The selection operator implemented for MG-GE does not rely on the total aggregated fitness of all genomes in MG. This is because it is possible the worst-performing parent might have completely solved one of the output variables but will rarely or never be selected as a parent. Instead, a pseudo-parent is created by performing n number of selection events, where the best-performing genome per output variable is selected from the pool of potential parents. Any selection operator, such as tournament, lexicase, and roulette-wheel selections, can be used to select each genome.
For example, in a standard crossover event, two pseudo-parents are created and used to create two offspring. The selection process is illustrated in Figure 4.

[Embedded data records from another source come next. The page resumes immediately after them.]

lemma l2closure_approx: "x \<in> l2closure Z \<Longrightarrow> e > 0 \<Longrightarrow> \<exists>z\<in>Z. vnorm (x - z) < e"
  unfolding l2closure_def by blast

lemma l2closure_l2closure:
  assumes "Z \<subseteq> ell2"
  shows "l2closure (l2closure Z) \<subseteq> l2closure Z"
proof
  fix x assume x: "x \<in> l2closure (l2closure Z)"
  have "\<exists>z\<in>Z. vnorm (x - z) < e" if "e > 0" for e
  proof -
    obtain y where y: "y \<in> l2closure Z" "vnorm (x - y) < e/2"
      using l2closure_approx[OF x, of "e/2"] \<open>e > 0\<close> by auto
    obtain z where z: "z \<in> Z" "vnorm (y - z) < e/2"
      using l2closure_approx[OF y(1), of "e/2"] \<open>e > 0\<close> by auto
    have "vnorm (x - z) \<le> vnorm (x - y) + vnorm (y - z)"
      using x y z assms l2closure_ell2 by (intro vnorm_triangle_diff) auto
    then show ?thesis
      using y z by (intro bexI[of _ z]) auto
  qed
  then show "x \<in> l2closure Z"
    using x l2closure_ell2 unfolding l2closure_def by blast
qed

lemma l2closure_add:
  assumes L: "L \<subseteq> ell2" "\<And>x y. x \<in> L \<Longrightarrow> y \<in> L \<Longrightarrow> x + y \<in> L"
    and x: "x \<in> l2closure L" and y: "y \<in> l2closure L"
  shows "x + y \<in> l2closure L"
proof -
  have "\<exists>w\<in>L. vnorm (x + y - w) < e" if "e > 0" for e
  proof -
    obtain x' where x': "x' \<in> L" "vnorm (x - x') < e/2"
      using l2closure_approx[OF x, of "e/2"] \<open>e > 0\<close> by auto
    obtain y' where y': "y' \<in> L" "vnorm (y - y') < e/2"
      using l2closure_approx[OF y, of "e/2"] \<open>e > 0\<close> by auto
    have "x \<in> ell2" "y \<in> ell2" "x' \<in> ell2" "y' \<in> ell2"
      using x y x' y' L(1) l2closure_ell2 by auto
    then have "vnorm ((x - x') + (y - y')) \<le> vnorm (x - x') + vnorm (y - y')"
      by (intro vnorm_triangle ell2_diff)
    moreover have "vnorm (x + y - (x' + y')) = vnorm ((x - x') + (y - y'))"
      by (simp add: algebra_simps)
    ultimately have "vnorm (x + y - (x' + y')) \<le> vnorm (x - x') + vnorm (y - y')"
      by linarith
    then show ?thesis
      using x' y' L(2) by (intro bexI[of _ "x' + y'"]) auto
  qed
  then show ?thesis
    using x y l2closure_ell2 ell2_add unfolding l2closure_def by blast
qed

lemma l2closure_csmul:
  assumes L: "\<And>c x. x \<in> L \<Longrightarrow> csmul c x \<in> L" and x: "x \<in> l2closure L"
  shows "csmul c x \<in> l2closure L"
proof -
  have c: "cmod c + 1 > 0"
    by (simp add: add_nonneg_pos)
  have "\<exists>w\<in>L. vnorm (csmul c x - w) < e" if "e > 0" for e
  proof -
    obtain x' where x': "x' \<in> L" "vnorm (x - x') < e / (cmod c + 1)"
      using l2closure_approx[OF x, of "e / (cmod c + 1)"] \<open>e > 0\<close> c by auto
    have "csmul c x - csmul c x' = csmul c (x - x')"
      by (auto simp: csmul_def algebra_simps)
    then have "vnorm (csmul c x - csmul c x') = cmod c * vnorm (x - x')"
      by (simp add: vnorm_csmul)
    also have "\<dots> \<le> (cmod c + 1) * vnorm (x - x')"
      by (simp add: mult_right_mono)
    also have "\<dots> < (cmod c + 1) * (e / (cmod c + 1))"
      using x' c by (intro mult_strict_left_mono) auto
    finally show ?thesis
      using x' L c by (intro bexI[of _ "csmul c x'"]) auto
  qed
  then show ?thesis
    using x l2closure_ell2 ell2_csmul unfolding l2closure_def by blast
qed

lemma closed_subspace_l2closure:
  assumes L: "L \<subseteq> ell2" "0 \<in> L" "\<And>x y. x \<in> L \<Longrightarrow> y \<in> L \<Longrightarrow> x + y \<in> L"
    "\<And>c x. x \<in> L \<Longrightarrow> csmul c x \<in> L"
  shows "closed_subspace (l2closure L)"
  unfolding closed_subspace_def
  using l2closure_ell2 l2closure_superset[OF L(1)] L(2) l2closure_add[OF L(1,3)]
    l2closure_csmul[OF L(4)] l2closure_l2closure[OF L(1)]
  by blast

lemma closed_subspace_l2closure_lin_span:
  "X \<subseteq> ell2 \<Longrightarrow> closed_subspace (l2closure (lin_span X))"
  by (intro closed_subspace_l2closure lin_span_subset[OF closed_subspace_UNIV_ell2]
      lin_span_zero lin_span_add lin_span_csmul)

lemma closed_subspace_fixed_points:
  assumes b: "bop S b" and S: "closed_subspace S"
  shows "closed_subspace {x \<in> S. b x = x}"
proof -
  obtain C where C: "C > 0" "\<forall>x\<in>S. vnorm (b x) \<le> C * vnorm x"
    using bop_bound[OF b] by blast
  have "b x = x" if x: "x \<in> l2closure {x \<in> S. b x = x}" and "x \<in> S" for x
  proof -
    have "vnorm (b x - x) \<le> 0 + e" if "e > 0" for e
    proof -
      obtain z where z: "z \<in> S" "b z = z" "vnorm (x - z) < e / (C + 1)"
        using l2closure_approx[OF x, of "e / (C + 1)"] \<open>e > 0\<close> C(1) by auto
      have xz: "x - z \<in> S"
        using closed_subspace_diff[OF S \<open>x \<in> S\<close> z(1)] .
      have "b x - x = b (x - z) + (z - x)"
        using bop_diff[OF b S \<open>x \<in> S\<close> z(1)] z(2) by simp
      moreover have "b (x - z) \<in> ell2" "z - x \<in> ell2"
        using bop_maps[OF b xz] closed_subspace_diff[OF S z(1) \<open>x \<in> S\<close>]
        by (auto intro: closed_subspace_mem_ell2[OF S])
      ultimately have "vnorm (b x - x) \<le> vnorm (b (x - z)) + vnorm (x - z)"
        using vnorm_triangle vnorm_minus_commute[of z x] by metis
      also have "\<dots> \<le> (C + 1) * vnorm (x - z)"
        using C(2) xz by (simp add: distrib_right)
      also have "\<dots> \<le> e"
        using z(3) C(1) by (simp add: field_simps)
      finally show ?thesis by simp
    qed
    then have "vnorm (b x - x) \<le> 0"
      by (rule field_le_epsilon)
    moreover have "b x - x \<in> ell2"
      using bop_maps[OF b \<open>x \<in> S\<close>] \<open>x \<in> S\<close> closed_subspace_diff[OF S]
        closed_subspace_mem_ell2[OF S] by blast
    ultimately show ?thesis
      using vnorm_eq_zero[of "b x - x"] vnorm_nonneg[of "b x - x"] by simp
  qed
  then show ?thesis
    using S l2closure_minimal[OF S, of "{x \<in> S. b x = x}"] bop_zero[OF b S]
    unfolding closed_subspace_def
    by (auto simp: bop_add[OF b] bop_csmul[OF b])
qed

lemma bop_image_l2closure:
  assumes b: "bop S b" and S: "closed_subspace S" and "Z \<subseteq> S"
  shows "b ` l2closure Z \<subseteq> l2closure (b ` Z)"
proof
  fix u assume "u \<in> b ` l2closure Z"
  then obtain x where x: "x \<in> l2closure Z" "u = b x" by blast
  have "x \<in> S"
    using x l2closure_minimal[OF S \<open>Z \<subseteq> S\<close>] by blast
  obtain C where C: "C > 0" "\<forall>x\<in>S. vnorm (b x) \<le> C * vnorm x"
    using bop_bound[OF b] by blast
  have "\<exists>y\<in>b ` Z. vnorm (b x - y) < e" if "e > 0" for e
  proof -
    obtain z where z: "z \<in> Z" "vnorm (x - z) < e / C"
      using l2closure_approx[OF x(1), of "e / C"] \<open>e > 0\<close> C(1) by auto
    have "z \<in> S" using z \<open>Z \<subseteq> S\<close> by blast
    have "vnorm (b x - b z) = vnorm (b (x - z))"
      using bop_diff[OF b S \<open>x \<in> S\<close> \<open>z \<in> S\<close>] by simp
    also have "\<dots> \<le> C * vnorm (x - z)"
      using C closed_subspace_diff[OF S \<open>x \<in> S\<close> \<open>z \<in> S\<close>] by blast
    also have "\<dots> < C * (e / C)"
      using z C by (intro mult_strict_left_mono) auto
    finally show ?thesis
      using z C(1) by auto
  qed
  moreover have "b x \<in> ell2"
    using bop_maps[OF b \<open>x \<in> S\<close>] closed_subspace_mem_ell2[OF S] by blast
  ultimately show "u \<in> l2closure (b ` Z)"
    unfolding l2closure_def x by blast
qed

lemma orthogonal_l2closure:
  assumes "Z \<subseteq> ell2" "y \<in> ell2" "\<forall>z\<in>Z. cinner z y = 0" "x \<in> l2closure Z"
  shows "cinner x y = 0"
proof -
  have "x \<in> ell2"
    using assms(4) l2closure_ell2 by blast
  have "cmod (cinner x y) \<le> 0 + e" if "e > 0" for e
  proof -
    have "vnorm y + 1 > 0"
      using vnorm_nonneg[of y] by linarith
    then obtain z where z: "z \<in> Z" "vnorm (x - z) < e / (vnorm y + 1)"
      using l2closure_approx[OF assms(4), of "e / (vnorm y + 1)"] \<open>e > 0\<close> by auto
    have "z \<in> ell2"
      using z assms(1) by blast
    have "cinner x y = cinner (x - z) y"
      using cinner_diff_left[OF \<open>x \<in> ell2\<close> \<open>z \<in> ell2\<close> assms(2)] z assms(3) by simp
    then have "cmod (cinner x y) \<le> vnorm (x - z) * vnorm y"
      using cauchy_schwarz[OF ell2_diff[OF \<open>x \<in> ell2\<close> \<open>z \<in> ell2\<close>] assms(2)] by simp
    also have "\<dots> \<le> (e / (vnorm y + 1)) * vnorm y"
      using z by (intro mult_right_mono) auto
    also have "\<dots> \<le> e"
      using \<open>e > 0\<close> \<open>vnorm y + 1 > 0\<close> by (simp add: divide_simps)
    finally show ?thesis by simp
  qed
  then have "cmod (cinner x y) \<le> 0"
    by (rule field_le_epsilon)
  then show ?thesis by simp
qed

lemma orthogonal_l2closure_lin_span:
  assumes "X \<subseteq> ell2" "y \<in> ell2" "\<forall>x\<in>X. cinner x y = 0"
  shows "\<forall>m\<in>l2closure (lin_span X). cinner m y = 0"
  using orthogonal_l2closure[OF lin_span_subset[OF closed_subspace_UNIV_ell2 assms(1)] assms(2)]
    orthogonal_lin_span[OF assms] by blast

lemma superset_l2closure_lin_span: "X \<subseteq> ell2 \<Longrightarrow> X \<subseteq> l2closure (lin_span X)"
  using l2closure_superset[OF lin_span_subset[OF closed_subspace_UNIV_ell2]] lin_span_superset
  by blast

section \<open>Orthogonal projections\<close>

definition orth_proj :: "'i vec set \<Rightarrow> 'i vec set \<Rightarrow> 'i op" where
  "orth_proj K M x = (if x \<in> K then (SOME m. m \<in> M \<and> (\<forall>y\<in>M. cinner y (x - m) = 0)) else 0)"

locale closed_subspace_pair =
  fixes K M :: "'i vec set"
  assumes K: "closed_subspace K" and M: "closed_subspace M" and M_subset: "M \<subseteq> K"
begin

abbreviation "P \<equiv> orth_proj K M"

lemma orth_proj_mem_orthogonal:
  assumes "x \<in> K"
  shows "P x \<in> M \<and> (\<forall>y\<in>M. cinner y (x - P x) = 0)"
proof -
  have "\<exists>m. m \<in> M \<and> (\<forall>y\<in>M. cinner y (x - m) = 0)"
    using orthogonal_decomposition[OF M closed_subspace_mem_ell2[OF K assms]] by blast
  from someI_ex[OF this] show ?thesis
    using assms unfolding orth_proj_def by simp
qed

lemma orth_proj_mem: "x \<in> K \<Longrightarrow> P x \<in> M"
  using orth_proj_mem_orthogonal by blast

lemma orth_proj_orthogonal: "x \<in> K \<Longrightarrow> y \<in> M \<Longrightarrow> cinner y (x - P x) = 0"
  using orth_proj_mem_orthogonal by blast

lemma orth_proj_outside: "x \<notin> K \<Longrightarrow> P x = 0"
  by (simp add: orth_proj_def)

lemma orth_proj_eqI: "x \<in> K \<Longrightarrow> m \<in> M \<Longrightarrow> \<forall>y\<in>M. cinner y (x - m) = 0 \<Longrightarrow> P x = m"
  using orthogonal_decomposition_unique[OF M closed_subspace_mem_ell2[OF K]] orth_proj_mem_orthogonal
  by blast

lemma orth_proj_fixes: "x \<in> M \<Longrightarrow> P x = x"
  using orth_proj_eqI[of x x] M_subset by auto

lemma mem_ell2_K: "x \<in> K \<Longrightarrow> x \<in> ell2"
  using closed_subspace_mem_ell2[OF K] .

3.10. Well-formed Crossover and Mutation

Each genome in MG evolves a solution to a single and unique target variable. As a result, crossover operations occur between genomes that evolve the same output variable. Mutation operations are applied per genome in MG.
These genetic operations can be performed in several ways. Three types of events are currently implemented for genetic operation purposes. These include: random single-event, binary mask-event and all-event. In a random single event, only a single genome is randomly chosen for crossover and mutation. For a random single event, a binary mask of bit size equal to the number of genomes is randomly generated. All genomes in MG with bit positions in the binary mask whose bit values are one are chosen for mutation and crossover. In all-event, all genomes undergo genetic operations subject to the specified probability of these events occurring by the user.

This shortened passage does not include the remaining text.